* Work order *
Scan the records for the string "lambda", then copy each line that has it.

Segment Start: Input

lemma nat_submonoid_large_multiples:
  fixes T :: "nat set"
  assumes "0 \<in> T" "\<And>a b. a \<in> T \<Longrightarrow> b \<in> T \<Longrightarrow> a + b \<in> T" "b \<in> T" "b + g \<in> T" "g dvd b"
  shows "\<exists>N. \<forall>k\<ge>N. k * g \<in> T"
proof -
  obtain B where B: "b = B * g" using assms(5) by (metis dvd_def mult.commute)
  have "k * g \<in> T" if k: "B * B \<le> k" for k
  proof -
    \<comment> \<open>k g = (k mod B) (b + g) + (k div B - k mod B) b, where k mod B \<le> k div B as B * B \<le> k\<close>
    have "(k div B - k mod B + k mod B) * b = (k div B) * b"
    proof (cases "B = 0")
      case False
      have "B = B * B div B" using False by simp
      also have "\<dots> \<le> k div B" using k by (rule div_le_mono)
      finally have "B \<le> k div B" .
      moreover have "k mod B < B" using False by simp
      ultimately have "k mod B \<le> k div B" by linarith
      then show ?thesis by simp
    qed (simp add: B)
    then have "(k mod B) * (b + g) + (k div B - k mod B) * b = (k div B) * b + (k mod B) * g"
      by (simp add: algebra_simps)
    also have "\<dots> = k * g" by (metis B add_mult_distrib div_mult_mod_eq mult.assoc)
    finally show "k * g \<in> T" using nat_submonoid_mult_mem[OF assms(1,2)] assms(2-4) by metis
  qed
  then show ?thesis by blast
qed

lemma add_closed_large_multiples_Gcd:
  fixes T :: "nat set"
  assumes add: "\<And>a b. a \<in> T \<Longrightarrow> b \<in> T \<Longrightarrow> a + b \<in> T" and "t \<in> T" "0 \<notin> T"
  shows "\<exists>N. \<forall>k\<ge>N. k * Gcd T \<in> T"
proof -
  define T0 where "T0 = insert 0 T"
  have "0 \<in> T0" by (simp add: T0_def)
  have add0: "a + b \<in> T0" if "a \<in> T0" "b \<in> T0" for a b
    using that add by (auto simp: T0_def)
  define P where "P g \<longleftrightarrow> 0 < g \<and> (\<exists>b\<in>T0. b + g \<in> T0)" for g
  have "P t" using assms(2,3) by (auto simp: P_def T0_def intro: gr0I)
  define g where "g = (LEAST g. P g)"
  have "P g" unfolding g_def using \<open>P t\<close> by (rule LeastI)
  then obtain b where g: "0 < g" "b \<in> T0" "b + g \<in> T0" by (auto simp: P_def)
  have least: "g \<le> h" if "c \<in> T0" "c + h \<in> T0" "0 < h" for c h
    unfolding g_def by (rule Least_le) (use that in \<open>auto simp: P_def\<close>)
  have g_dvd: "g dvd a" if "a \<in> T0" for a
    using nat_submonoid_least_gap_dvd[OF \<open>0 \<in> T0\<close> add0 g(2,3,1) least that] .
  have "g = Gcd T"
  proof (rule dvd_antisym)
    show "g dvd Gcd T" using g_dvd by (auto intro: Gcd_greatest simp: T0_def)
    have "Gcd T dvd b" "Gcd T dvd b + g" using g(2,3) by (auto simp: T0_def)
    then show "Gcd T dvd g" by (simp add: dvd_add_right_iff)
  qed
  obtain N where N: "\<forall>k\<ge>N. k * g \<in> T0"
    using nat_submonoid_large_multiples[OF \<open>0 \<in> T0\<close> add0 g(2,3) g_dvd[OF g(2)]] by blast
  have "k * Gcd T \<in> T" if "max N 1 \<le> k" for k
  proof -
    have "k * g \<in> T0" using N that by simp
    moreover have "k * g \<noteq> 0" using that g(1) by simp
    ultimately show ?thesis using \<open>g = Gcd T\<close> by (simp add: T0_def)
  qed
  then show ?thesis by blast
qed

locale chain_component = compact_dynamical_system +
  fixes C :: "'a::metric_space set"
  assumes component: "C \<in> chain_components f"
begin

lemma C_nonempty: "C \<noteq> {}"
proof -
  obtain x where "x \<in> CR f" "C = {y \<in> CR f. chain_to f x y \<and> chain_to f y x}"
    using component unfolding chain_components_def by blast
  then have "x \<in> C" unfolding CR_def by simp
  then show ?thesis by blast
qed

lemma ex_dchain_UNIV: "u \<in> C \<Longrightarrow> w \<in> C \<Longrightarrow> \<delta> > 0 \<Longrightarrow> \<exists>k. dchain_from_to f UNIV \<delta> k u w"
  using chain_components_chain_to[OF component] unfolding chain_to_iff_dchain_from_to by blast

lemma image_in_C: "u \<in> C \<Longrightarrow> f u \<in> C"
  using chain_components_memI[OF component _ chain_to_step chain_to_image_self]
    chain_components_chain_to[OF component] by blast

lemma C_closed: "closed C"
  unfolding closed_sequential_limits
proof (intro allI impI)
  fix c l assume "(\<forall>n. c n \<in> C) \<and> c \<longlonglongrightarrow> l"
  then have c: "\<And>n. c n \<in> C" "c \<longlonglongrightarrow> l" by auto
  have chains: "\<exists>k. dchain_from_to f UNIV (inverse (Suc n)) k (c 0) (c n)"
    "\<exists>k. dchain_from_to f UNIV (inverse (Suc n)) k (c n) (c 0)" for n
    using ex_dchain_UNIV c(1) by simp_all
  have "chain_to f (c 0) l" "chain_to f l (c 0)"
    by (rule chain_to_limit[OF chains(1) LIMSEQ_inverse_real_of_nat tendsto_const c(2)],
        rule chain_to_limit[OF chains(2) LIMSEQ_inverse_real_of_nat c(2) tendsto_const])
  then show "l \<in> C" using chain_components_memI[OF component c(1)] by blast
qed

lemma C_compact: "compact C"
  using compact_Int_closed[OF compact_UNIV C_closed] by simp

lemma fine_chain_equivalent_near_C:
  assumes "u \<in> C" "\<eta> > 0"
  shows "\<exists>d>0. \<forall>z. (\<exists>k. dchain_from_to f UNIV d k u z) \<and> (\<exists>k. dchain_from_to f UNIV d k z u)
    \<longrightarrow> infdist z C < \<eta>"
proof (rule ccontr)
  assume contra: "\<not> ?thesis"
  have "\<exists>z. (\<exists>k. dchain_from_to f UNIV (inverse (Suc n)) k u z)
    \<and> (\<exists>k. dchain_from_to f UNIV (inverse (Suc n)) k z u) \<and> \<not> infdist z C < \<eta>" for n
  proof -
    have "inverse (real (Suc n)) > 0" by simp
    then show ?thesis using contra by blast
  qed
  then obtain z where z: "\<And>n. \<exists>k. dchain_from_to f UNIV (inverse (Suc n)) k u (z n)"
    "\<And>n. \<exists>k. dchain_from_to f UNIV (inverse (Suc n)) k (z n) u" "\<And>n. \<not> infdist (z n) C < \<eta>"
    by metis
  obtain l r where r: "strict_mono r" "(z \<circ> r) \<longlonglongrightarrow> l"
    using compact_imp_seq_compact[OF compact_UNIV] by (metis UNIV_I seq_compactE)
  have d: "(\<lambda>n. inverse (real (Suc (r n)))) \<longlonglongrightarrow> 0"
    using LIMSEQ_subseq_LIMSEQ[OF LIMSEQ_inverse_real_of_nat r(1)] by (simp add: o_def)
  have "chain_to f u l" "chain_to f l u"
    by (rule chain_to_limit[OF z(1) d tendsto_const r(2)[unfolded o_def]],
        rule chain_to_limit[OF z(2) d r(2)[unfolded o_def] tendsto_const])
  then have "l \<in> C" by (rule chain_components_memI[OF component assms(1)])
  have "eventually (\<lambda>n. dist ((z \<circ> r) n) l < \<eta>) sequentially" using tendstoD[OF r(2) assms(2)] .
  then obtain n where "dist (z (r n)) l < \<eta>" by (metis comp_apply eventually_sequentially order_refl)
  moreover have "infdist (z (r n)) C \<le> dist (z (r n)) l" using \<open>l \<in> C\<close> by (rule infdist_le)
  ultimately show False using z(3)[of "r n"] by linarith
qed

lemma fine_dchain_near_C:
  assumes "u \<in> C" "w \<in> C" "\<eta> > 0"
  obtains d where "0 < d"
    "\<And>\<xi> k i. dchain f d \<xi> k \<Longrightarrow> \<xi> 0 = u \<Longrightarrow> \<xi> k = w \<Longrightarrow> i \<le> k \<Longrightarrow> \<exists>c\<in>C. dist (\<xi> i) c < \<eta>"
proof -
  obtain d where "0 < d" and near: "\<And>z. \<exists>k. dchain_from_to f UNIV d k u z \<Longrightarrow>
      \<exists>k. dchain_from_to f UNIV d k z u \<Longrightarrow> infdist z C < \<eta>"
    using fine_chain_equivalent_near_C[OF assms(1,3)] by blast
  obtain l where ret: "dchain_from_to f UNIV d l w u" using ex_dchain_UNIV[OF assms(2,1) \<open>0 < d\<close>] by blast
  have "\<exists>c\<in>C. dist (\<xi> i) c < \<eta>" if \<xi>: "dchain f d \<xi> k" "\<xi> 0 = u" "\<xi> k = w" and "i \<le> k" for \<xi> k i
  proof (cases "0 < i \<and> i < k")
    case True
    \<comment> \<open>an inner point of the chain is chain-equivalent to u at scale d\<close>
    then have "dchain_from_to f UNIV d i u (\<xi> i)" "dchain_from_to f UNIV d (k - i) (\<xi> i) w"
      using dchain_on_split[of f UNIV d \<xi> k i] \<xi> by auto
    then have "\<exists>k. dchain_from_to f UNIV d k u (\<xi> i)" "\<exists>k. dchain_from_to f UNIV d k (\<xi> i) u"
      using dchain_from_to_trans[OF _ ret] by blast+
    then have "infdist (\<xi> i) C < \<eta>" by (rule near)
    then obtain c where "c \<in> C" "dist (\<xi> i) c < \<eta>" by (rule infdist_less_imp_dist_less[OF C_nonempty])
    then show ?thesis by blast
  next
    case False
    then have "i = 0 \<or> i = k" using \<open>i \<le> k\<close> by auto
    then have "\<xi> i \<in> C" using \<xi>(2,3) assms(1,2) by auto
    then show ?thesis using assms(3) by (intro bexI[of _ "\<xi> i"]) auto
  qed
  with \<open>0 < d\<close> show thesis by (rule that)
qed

Segment End: Input
Segment Start: Input

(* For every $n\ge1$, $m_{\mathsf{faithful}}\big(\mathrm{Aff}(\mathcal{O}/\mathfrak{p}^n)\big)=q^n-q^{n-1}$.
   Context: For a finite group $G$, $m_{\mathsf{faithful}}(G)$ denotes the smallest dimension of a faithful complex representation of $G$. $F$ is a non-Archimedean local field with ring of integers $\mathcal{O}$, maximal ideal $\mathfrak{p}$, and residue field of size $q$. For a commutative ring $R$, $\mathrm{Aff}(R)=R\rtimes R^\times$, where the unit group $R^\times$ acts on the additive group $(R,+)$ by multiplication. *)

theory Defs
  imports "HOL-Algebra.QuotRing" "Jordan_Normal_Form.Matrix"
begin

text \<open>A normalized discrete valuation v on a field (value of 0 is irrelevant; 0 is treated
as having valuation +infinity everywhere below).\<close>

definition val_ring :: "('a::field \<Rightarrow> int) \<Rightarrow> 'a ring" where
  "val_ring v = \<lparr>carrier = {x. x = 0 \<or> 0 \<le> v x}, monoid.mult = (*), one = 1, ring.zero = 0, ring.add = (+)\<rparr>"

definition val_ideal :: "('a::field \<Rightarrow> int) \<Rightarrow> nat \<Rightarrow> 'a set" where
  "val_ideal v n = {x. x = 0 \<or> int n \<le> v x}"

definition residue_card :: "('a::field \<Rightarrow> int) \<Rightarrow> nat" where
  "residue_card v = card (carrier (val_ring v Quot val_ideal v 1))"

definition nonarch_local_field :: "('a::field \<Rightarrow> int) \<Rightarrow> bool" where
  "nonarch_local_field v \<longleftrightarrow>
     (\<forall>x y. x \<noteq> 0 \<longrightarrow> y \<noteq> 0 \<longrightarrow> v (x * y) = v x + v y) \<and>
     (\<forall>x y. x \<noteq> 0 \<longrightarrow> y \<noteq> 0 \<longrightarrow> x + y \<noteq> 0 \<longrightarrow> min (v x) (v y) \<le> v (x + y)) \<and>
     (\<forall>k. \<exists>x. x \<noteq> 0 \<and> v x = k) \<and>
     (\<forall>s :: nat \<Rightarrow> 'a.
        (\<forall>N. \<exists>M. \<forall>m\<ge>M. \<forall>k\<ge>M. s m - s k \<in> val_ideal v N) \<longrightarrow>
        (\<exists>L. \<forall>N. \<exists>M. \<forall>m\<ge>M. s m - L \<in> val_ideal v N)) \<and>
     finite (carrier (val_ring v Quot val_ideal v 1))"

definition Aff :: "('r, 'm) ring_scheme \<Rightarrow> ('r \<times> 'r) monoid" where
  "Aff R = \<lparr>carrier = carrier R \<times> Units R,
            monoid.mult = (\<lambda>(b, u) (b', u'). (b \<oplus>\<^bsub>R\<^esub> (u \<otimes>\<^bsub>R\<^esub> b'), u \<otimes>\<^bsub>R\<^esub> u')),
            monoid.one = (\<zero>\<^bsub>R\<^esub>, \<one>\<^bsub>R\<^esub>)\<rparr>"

Segment End: Input

* Exercise output *
  have d: "(\<lambda>n. inverse (real (Suc (r n)))) \<longlonglongrightarrow> 0"
  have "eventually (\<lambda>n. dist ((z \<circ> r) n) l < \<eta>) sequentially" using tendstoD[OF r(2) assms(2)] .
            monoid.mult = (\<lambda>(b, u) (b', u'). (b \<oplus>\<^bsub>R\<^esub> (u \<otimes>\<^bsub>R\<^esub> b'), u \<otimes>\<^bsub>R\<^esub> u')),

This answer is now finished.